Wow.. How come nobody is bringing THIS up whenever the FBI tries to assure us that the bypass they want from Apple will never get leaked into the wrong hands?
The NSA can apparently find vulnerabilities in iOS without the source code so I would assume they could find (more of) them more easily with the source code.
Well first they ask for iOS source code, then they ask for the update or app signing key (kind of how they asked for Lavabit's SSL key). Then the real fun begins.
However, it's a little funny that the US gov uses the Lavabit case as an example - Lavabit shut down to avoid giving it the key.
Documentation and getting to build/use it feels to me like support, and I feel that needs to be billable. The source code is the raw product, which is also of value/crown jewels. But it is easier to give it to someone, then to support it.
So can the government force companies to assist them and to what extent? From the article it is suggested that Dell, Huawei, and Juniper have already done so.
But how where they compensated, because engineering time is not cheap, or where they given software backdoors and told to integrate them.
I don't think we will ever know. But would be interesting to know how managers had to explain to the bean counters, that limited resources was spent on project "top secret" instead of a real project making money.
They get paid. Telecoms do as well, they actually have billing schedules for wiretaps.
> ...managers had to explain to the bean counters...
You've got it backwards, the lawyers explain to the executives who then explain to the department head who then explains to a manager who then explains to a senior team leader who then assigns the work. At the end of the telephone game it looks like any other incomprehensible contract requirement.

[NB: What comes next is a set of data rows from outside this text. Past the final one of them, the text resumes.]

lemma adherence_approx:
  fixes f :: "'a::{ordered_real_vector,lattice}"
  assumes "f \<in> adherence A"
  obtains e where "0 \<le> e" "f \<in> principal_ideal e"
    "\<And>\<epsilon>. \<epsilon> > 0 \<Longrightarrow> \<exists>g\<in>A. vabs (g - f) \<le> \<epsilon> *\<^sub>R e"
proof -
  from assms obtain F e where F: "F \<noteq> bot" "\<forall>\<^sub>F y in F. y \<in> A"
    and e: "0 \<le> e" "f \<in> principal_ideal e"
    and ev: "\<And>\<epsilon>. \<epsilon> > 0 \<Longrightarrow> \<forall>\<^sub>F y in F. vabs (y - f) \<le> \<epsilon> *\<^sub>R e"
    unfolding adherence_def uconv_iff by blast
  have "\<exists>g\<in>A. vabs (g - f) \<le> \<epsilon> *\<^sub>R e" if "\<epsilon> > 0" for \<epsilon>
    using eventually_happens'[OF F(1) eventually_conj[OF F(2) ev[OF that]]] by blast
  with e show thesis using that by blast
qed

lemma adherence_approx_seq_majorized:
  fixes A E :: "'a::{ordered_real_vector,lattice} set"
  assumes "majorizing E" "f \<in> adherence A"
  obtains u g where "u \<in> E" "0 \<le> u" "f \<in> principal_ideal u"
    "\<And>n. g n \<in> A" "\<And>n. vabs (g n - f) \<le> inverse (real (Suc n)) *\<^sub>R u"
proof -
  obtain e where e: "0 \<le> e" "f \<in> principal_ideal e"
    and approx: "\<And>\<epsilon>. \<epsilon> > 0 \<Longrightarrow> \<exists>g\<in>A. vabs (g - f) \<le> \<epsilon> *\<^sub>R e"
    using adherence_approx[OF assms(2)] by blast
  obtain u where u: "u \<in> E" "e \<le> u" using assms(1) e(1) unfolding majorizing_def by blast
  have "\<exists>g\<in>A. vabs (g - f) \<le> inverse (real (Suc n)) *\<^sub>R u" for n
  proof -
    obtain g where "g \<in> A" "vabs (g - f) \<le> inverse (real (Suc n)) *\<^sub>R e"
      using approx[of "inverse (real (Suc n))"] by auto
    moreover have "inverse (real (Suc n)) *\<^sub>R e \<le> inverse (real (Suc n)) *\<^sub>R u"
      using u(2) by (rule scaleR_left_mono) simp
    ultimately show ?thesis by (meson order_trans)
  qed
  then obtain g where "\<And>n. g n \<in> A" "\<And>n. vabs (g n - f) \<le> inverse (real (Suc n)) *\<^sub>R u"
    by metis
  moreover have "0 \<le> u" using e(1) u(2) by (rule order_trans)
  moreover have "f \<in> principal_ideal u" using principal_ideal_mono e u(2) by blast
  ultimately show thesis using that u(1) by blast
qed

lemma archimedean_vl_le_zero:
  fixes a b :: "'a::{ordered_real_vector,lattice}"
  assumes "archimedean_vl TYPE('a)" "0 \<le> b"
    and "\<And>n. a \<le> inverse (real (Suc n)) *\<^sub>R b"
  shows "a \<le> 0"
proof -
  have "real n *\<^sub>R a \<le> b" for n
  proof -
    have "real n *\<^sub>R a \<le> real n *\<^sub>R (inverse (real (Suc n)) *\<^sub>R b)"
      using assms(3) by (rule scaleR_left_mono) simp
    also have "\<dots> = (real n / real (Suc n)) *\<^sub>R b" by (simp add: field_simps)
    also have "\<dots> \<le> 1 *\<^sub>R b" using assms(2) by (intro scaleR_right_mono) simp_all
    finally show ?thesis by simp
  qed
  then show ?thesis using assms(1) unfolding archimedean_vl_def by blast
qed

lemma sup_zero_le_add:
  fixes f g w :: "'a::{ordered_ab_group_add,lattice}"
  assumes "f \<le> g + w" "0 \<le> w"
  shows "sup f 0 \<le> sup g 0 + w"
proof (rule sup_least)
  show "f \<le> sup g 0 + w" using assms(1) by (rule order_trans) (intro add_right_mono sup_ge1)
  show "0 \<le> sup g 0 + w" using assms(2) by (intro add_nonneg_nonneg) simp_all
qed

lemma truncation_le_sup_zero:
  fixes f g y w :: "'a::{ordered_ab_group_add,lattice}"
  assumes "g \<le> f + w" "0 \<le> w" "y \<le> sup g 0"
  shows "sup (y - w) 0 \<le> sup f 0"
proof -
  have "y \<le> sup f 0 + w" using assms(3) sup_zero_le_add[OF assms(1,2)] by (rule order_trans)
  then have "y - w \<le> sup f 0" by (simp add: diff_le_eq)
  then show ?thesis by simp
qed

lemma vector_sublattice_truncate:
  assumes "vector_sublattice E" "x \<in> E" "u \<in> E"
  shows "sup (x - c *\<^sub>R u) 0 \<in> E"
proof -
  have "(- c) *\<^sub>R u \<in> E" using assms(1,3) unfolding vector_sublattice_def by blast
  then have "x + (- c) *\<^sub>R u \<in> E" using assms(1,2) unfolding vector_sublattice_def by blast
  then show ?thesis using assms(1) unfolding vector_sublattice_def by simp
qed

It's hard and really expensive, I don't think any big company would like to do that.
For large shops, source code building is non-trivial. It may require proprietary toolchains, metadata stored in some other dbs, or specific hardware / environments.

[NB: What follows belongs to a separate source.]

(* Assume that for every $x\in V$ the functions $s\mapsto H(x,s)$ and $s\mapsto f_l(x,s)$ ($l=1,\dots,m$) are nondecreasing on $[0,\infty)$, and that $H$ is $1$-Lipschitz in $s$, i.e. $|H(x,s)-H(x,t)|\le |s-t|$ for all $x\in V$ and all $s,t\in[0,\infty)$. Then there exists a unique vector $(u^1,u^2,\dots,u^m)$ of functions $u^l:V\to\mathbb{R}$ satisfying the discrete system (S).
   Context: Let $G=(V,E)$ be a finite, connected, undirected graph with at least two vertices. For $x,y\in V$, $d(x,y)$ denotes the graph (shortest-path) distance, and $\deg(x)=|\{y\in V:(x,y)\in E\}|$. The boundary of $G$ is $$\partial G=\Big\{x\in V:\ \exists\, y\in V \text{ with } \tfrac{1}{\deg(x)}\textstyle\sum_{(x,z)\in E} d(z,y)<d(x,y)\Big\},$$ and the interior is $G^o=V\setminus\partial G$. For $r:V\to\mathbb{R}$, the mean value at $x$ is $\overline{r}(x)=\frac{1}{\deg(x)}\sum_{(x,y)\in E} r(y)$. Fix an integer $m\ge1$. Let $H:V\times[0,\infty)\to\mathbb{R}$ and $f_l:V\times[0,\infty)\to\mathbb{R}$ ($l=1,\dots,m$) be continuous in the second variable with $H(x,0)=0$ and $f_l(x,0)=0$ for all $x\in V$; they are extended to negative arguments by $H(x,s)=-H(x,-s)$ and $f_l(x,s)=-f_l(x,-s)$ for $s<0$. Let $\phi^l:\partial G\to[0,\infty)$ ($l=1,\dots,m$) be boundary data satisfying $\phi^i(x)\phi^j(x)=0$ for all $x\in\partial G$ and $i\neq j$. The discrete system (S) for $(u^1,\dots,u^m)$, $u^l:V\to\mathbb{R}$, is: for every $l=1,\dots,m$, $$u^l(x)=\max\Big(H\Big(x,\ \overline{u}^l(x)-\sum_{p\neq l}\overline{u}^p(x)\Big)-f_l\big(x,u^l(x)\big),\ 0\Big)\quad (x\in G^o),\qquad u^l(x)=\phi^l(x)\quad (x\in\partial G).$$ *)

theory Defs
  imports "HOL-Analysis.Analysis"
begin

And the toolchain may even not work outside the shop, e.g., depending on internal infras.
Related: There's currently a proposal ("Reg AT") from the CFTC (which regulates futures trading in the US) that would require all algorithmic traders to provide routine access to their source code, without a court order.
... or voting machines.
I must say I don't particularly like the rather unpleasant arguments that almost make themselves from those particular facts. That money indeed is considered more important than both safety and fair voting.
All it takes is one brave soul to gain standing and the entire FISA system goes belly up in a real court. As long as everyone cooperates the farce goes on. Generally people who work at big companies and get these NSLs (likely lawyers) are unlikely to be that person.

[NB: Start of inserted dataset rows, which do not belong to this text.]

lemma abs_ou_le:
  assumes "0 \<le> s" "s \<le> T"
  shows "\<bar>ou x s \<omega>\<bar> \<le> (growth * \<bar>x\<bar> + drift_bound) + \<bar>Wtil c b W s \<omega>\<bar>"
proof -
  have "\<bar>exp (b * s) * x\<bar> \<le> growth * \<bar>x\<bar>"
    unfolding abs_mult growth_def using exp_le_exp_abs_mult[OF assms, of b]
    by (intro mult_right_mono) auto
  moreover have "\<bar>wdet a b s\<bar> \<le> drift_bound"
    unfolding drift_bound_def growth_def by (rule abs_wdet_le[OF assms])
  ultimately show ?thesis
    by linarith
qed

lemma abs_ps_eval_ou_le:
  assumes "0 \<le> s" "s \<le> T" "\<bar>Wtil c b W s \<omega>\<bar> \<le> y"
  shows "\<bar>ps_eval q (ou x s \<omega>)\<bar> \<le> det_bound \<bar>x\<bar> + ps_abs q (2 * y)"
proof -
  have "0 \<le> y" using assms(3) by linarith
  have "\<bar>ps_eval q (ou x s \<omega>)\<bar> \<le> ps_abs q \<bar>ou x s \<omega>\<bar>"
    by (rule abs_ps_eval_le[OF negligible_q])
  also have "\<dots> \<le> ps_abs q ((growth * \<bar>x\<bar> + drift_bound) + y)"
    using abs_ou_le[OF assms(1,2), of x \<omega>] assms(3) by (intro ps_abs_mono[OF negligible_q]) auto
  also have "\<dots> \<le> ps_abs q (2 * (growth * \<bar>x\<bar> + drift_bound)) + ps_abs q (2 * y)"
    using growth_ge_1 drift_bound_nonneg \<open>0 \<le> y\<close> by (intro ps_abs_add_le[OF negligible_q]) auto
  also have "ps_abs q (2 * (growth * \<bar>x\<bar> + drift_bound)) \<le> det_bound \<bar>x\<bar>"
    using ps_abs_add_le[OF negligible_q, of "2 * growth * \<bar>x\<bar>" "2 * drift_bound"] growth_ge_1 drift_bound_nonneg
    by (simp add: det_bound_def algebra_simps)
  finally show ?thesis by simp
qed

lemma abs_ps_eval_ou_le_Wtil_star:
  assumes "\<omega> \<in> space M" "0 \<le> s" "s \<le> T"
  shows "(1 + T) * \<bar>ps_eval q (ou x s \<omega>)\<bar> \<le> ps_abs majorant \<bar>x\<bar> + ps_abs majorant (Wtil_star c b W T \<omega>)"
proof -
  let ?S = "Wtil_star c b W T \<omega>"
  have "0 \<le> ?S"
    using Wtil_star_nonneg[OF assms(1)] .
  have "\<bar>ps_eval q (ou x s \<omega>)\<bar> \<le> det_bound \<bar>x\<bar> + ps_abs q (2 * ?S)"
    by (intro abs_ps_eval_ou_le abs_Wtil_le_Wtil_star assms)
  also have "ps_abs q (2 * ?S) \<le> det_bound ?S"
  proof -
    have "?S \<le> growth * ?S"
      using mult_right_mono[OF growth_ge_1 \<open>0 \<le> ?S\<close>] by simp
    then show ?thesis
      unfolding det_bound_def using \<open>0 \<le> ?S\<close> drift_bound_nonneg
      by (intro add_increasing2 ps_abs_nonneg[OF negligible_q] ps_abs_mono[OF negligible_q]) auto
  qed
  finally have "(1 + T) * \<bar>ps_eval q (ou x s \<omega>)\<bar> \<le> (1 + T) * (det_bound \<bar>x\<bar> + det_bound ?S)"
    using T_pos by (intro mult_left_mono) auto
  then show ?thesis
    using \<open>0 \<le> ?S\<close> by (simp add: ps_abs_majorant distrib_left)
qed

lemma estimable_ps_eval_ou: "estimable M c b W T (\<lambda>t x \<omega>. ps_eval q (ou x t \<omega>))"
  unfolding estimable_def
proof (intro exI[of _ majorant] conjI negligible_df_majorant ballI allI AE_I2)
  fix t x \<omega> assume "t \<in> {0..T}" "\<omega> \<in> space M"
  then have "1 * \<bar>ps_eval q (ou x t \<omega>)\<bar> \<le> (1 + T) * \<bar>ps_eval q (ou x t \<omega>)\<bar>"
    using T_pos by (intro mult_right_mono) auto
  also have "\<dots> \<le> ps_abs majorant \<bar>x\<bar> + ps_abs majorant (Wtil_star c b W T \<omega>)"
    using \<open>t \<in> {0..T}\<close> \<open>\<omega> \<in> space M\<close> by (intro abs_ps_eval_ou_le_Wtil_star) auto
  finally show "\<bar>ps_eval q (ou x t \<omega>)\<bar> \<le> ps_abs majorant \<bar>x\<bar> + ps_abs majorant (Wtil_star c b W T \<omega>)"
    by simp
qed

lemma estimable_LBINT_ou: "estimable M c b W T (\<lambda>t x \<omega>. LBINT s=0..t. ps_eval q (ou x s \<omega>))"
  unfolding estimable_def
proof (intro exI[of _ majorant] conjI negligible_df_majorant ballI allI AE_I2)
  fix t x \<omega> assume "t \<in> {0..T}" "\<omega> \<in> space M"
  define B where "B = (ps_abs majorant \<bar>x\<bar> + ps_abs majorant (Wtil_star c b W T \<omega>)) / (1 + T)"
  have bound: "\<bar>ps_eval q (ou x s \<omega>)\<bar> \<le> B" if "0 < s" "s < t" for s
    using abs_ps_eval_ou_le_Wtil_star[OF \<open>\<omega> \<in> space M\<close>, of s x] that \<open>t \<in> {0..T}\<close> T_pos
    by (simp add: B_def field_simps)
  have "0 \<le> B"
    unfolding B_def using T_pos Wtil_star_nonneg[OF \<open>\<omega> \<in> space M\<close>]
    by (intro divide_nonneg_pos add_nonneg_nonneg ps_abs_nonneg[OF negligible_df_majorant]) auto
  have "\<bar>LBINT s=0..t. ps_eval q (ou x s \<omega>)\<bar> \<le> t * B"
    using \<open>t \<in> {0..T}\<close> \<open>0 \<le> B\<close> bound by (intro abs_LBINT_le) auto
  also have "\<dots> \<le> (1 + T) * B"
    using \<open>t \<in> {0..T}\<close> \<open>0 \<le> B\<close> by (intro mult_right_mono) auto
  finally show "\<bar>LBINT s=0..t. ps_eval q (ou x s \<omega>)\<bar>
      \<le> ps_abs majorant \<bar>x\<bar> + ps_abs majorant (Wtil_star c b W T \<omega>)"
    using T_pos by (simp add: B_def)
qed

lemma abs_ps_eval_ou_le_W:
  assumes "\<omega> \<in> space M" "0 \<le> s" "s \<le> T"
  shows "\<bar>ps_eval q (ou x s \<omega>)\<bar> \<le> det_bound \<bar>x\<bar>
      + (ps_abs q (4 * \<bar>c\<bar> * \<bar>W s \<omega>\<bar>) + ps_abs q (4 * \<bar>c\<bar> * \<bar>b\<bar> * growth * abs_W_integral \<omega>))"
proof -
  let ?y = "\<bar>c\<bar> * \<bar>W s \<omega>\<bar> + \<bar>c\<bar> * \<bar>b\<bar> * growth * abs_W_integral \<omega>"
  have "\<bar>ps_eval q (ou x s \<omega>)\<bar> \<le> det_bound \<bar>x\<bar> + ps_abs q (2 * ?y)"
    using abs_Wtil_le[OF assms] by (intro abs_ps_eval_ou_le assms(2,3)) (simp add: growth_def)
  also have "ps_abs q (2 * ?y)
      \<le> ps_abs q (4 * (\<bar>c\<bar> * \<bar>W s \<omega>\<bar>)) + ps_abs q (4 * (\<bar>c\<bar> * \<bar>b\<bar> * growth * abs_W_integral \<omega>))"
    using ps_abs_add_le[OF negligible_q, of "2 * (\<bar>c\<bar> * \<bar>W s \<omega>\<bar>)" "2 * (\<bar>c\<bar> * \<bar>b\<bar> * growth * abs_W_integral \<omega>)"]
      growth_ge_1 abs_W_integral_nonneg[of \<omega>]
    by (simp add: distrib_left)
  finally show ?thesis
    by (simp add: mult.assoc)
qed

lemma nn_integral_ps_abs_W_le:
  assumes "s \<in> {0..T}" "0 \<le> L"
  shows "(\<integral>\<^sup>+\<omega>. ennreal (ps_abs q (L * \<bar>W s \<omega>\<bar>)) \<partial>M)
    \<le> ennreal (ps_abs (\<lambda>k. dfact (k - 1) * q k) (L * sqrt T))"
proof (rule nn_integral_ps_abs_le[OF negligible_q])
  fix k
  have "(\<integral>\<^sup>+\<omega>. ennreal ((L * \<bar>W s \<omega>\<bar>) ^ k) \<partial>M) = ennreal (L ^ k) * (\<integral>\<^sup>+\<omega>. ennreal (\<bar>W s \<omega>\<bar> ^ k) \<partial>M)"
    using assms(2) by (subst nn_integral_cmult[symmetric]) (auto simp: power_mult_distrib ennreal_mult)
  also have "\<dots> \<le> ennreal (L ^ k) * ennreal (sqrt T ^ k * dfact (k - 1))"
    by (intro mult_left_mono W_moment_le assms(1)) simp
  also have "\<dots> = ennreal ((L * sqrt T) ^ k * dfact (k - 1))"
    using assms T_pos by (subst ennreal_mult[symmetric]) (auto simp: power_mult_distrib mult_ac)
  finally show "(\<integral>\<^sup>+\<omega>. ennreal ((L * \<bar>W s \<omega>\<bar>) ^ k) \<partial>M) \<le> ennreal ((L * sqrt T) ^ k * dfact (k - 1))" .
qed (use assms T_pos in auto)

Unfortunately, establishing standing is the hard part of the equation. And by hard, I mean effectively impossible. Clapper showed that quite clearly. And even in those instances where it might be possible, the DOJ will drop the case in question before they risk an undesirable ruling.
There are layers below Linux, which unfortunately are often proprietary. Do you have the source code for your computer's firmware? For your hard disk's firmware? For your CPU's microcode? If you don't have all of these (and more), the playing field has not been completely leveled.
It's not about the source but the private keys. See my other comment here. The same problem is real with the Linux distribution and the owners of the distributions too. Nobody reads the source of everything that is changed with every signed update.
A spokesperson ... did not comment further on whether source code had been handed over to a government agency for any other reason. """
I'm glad the author pressed them further ("for any other reason"). So many times we see such statements like this from companies but nobody bothers to ask the obvious (to me) follow-up question.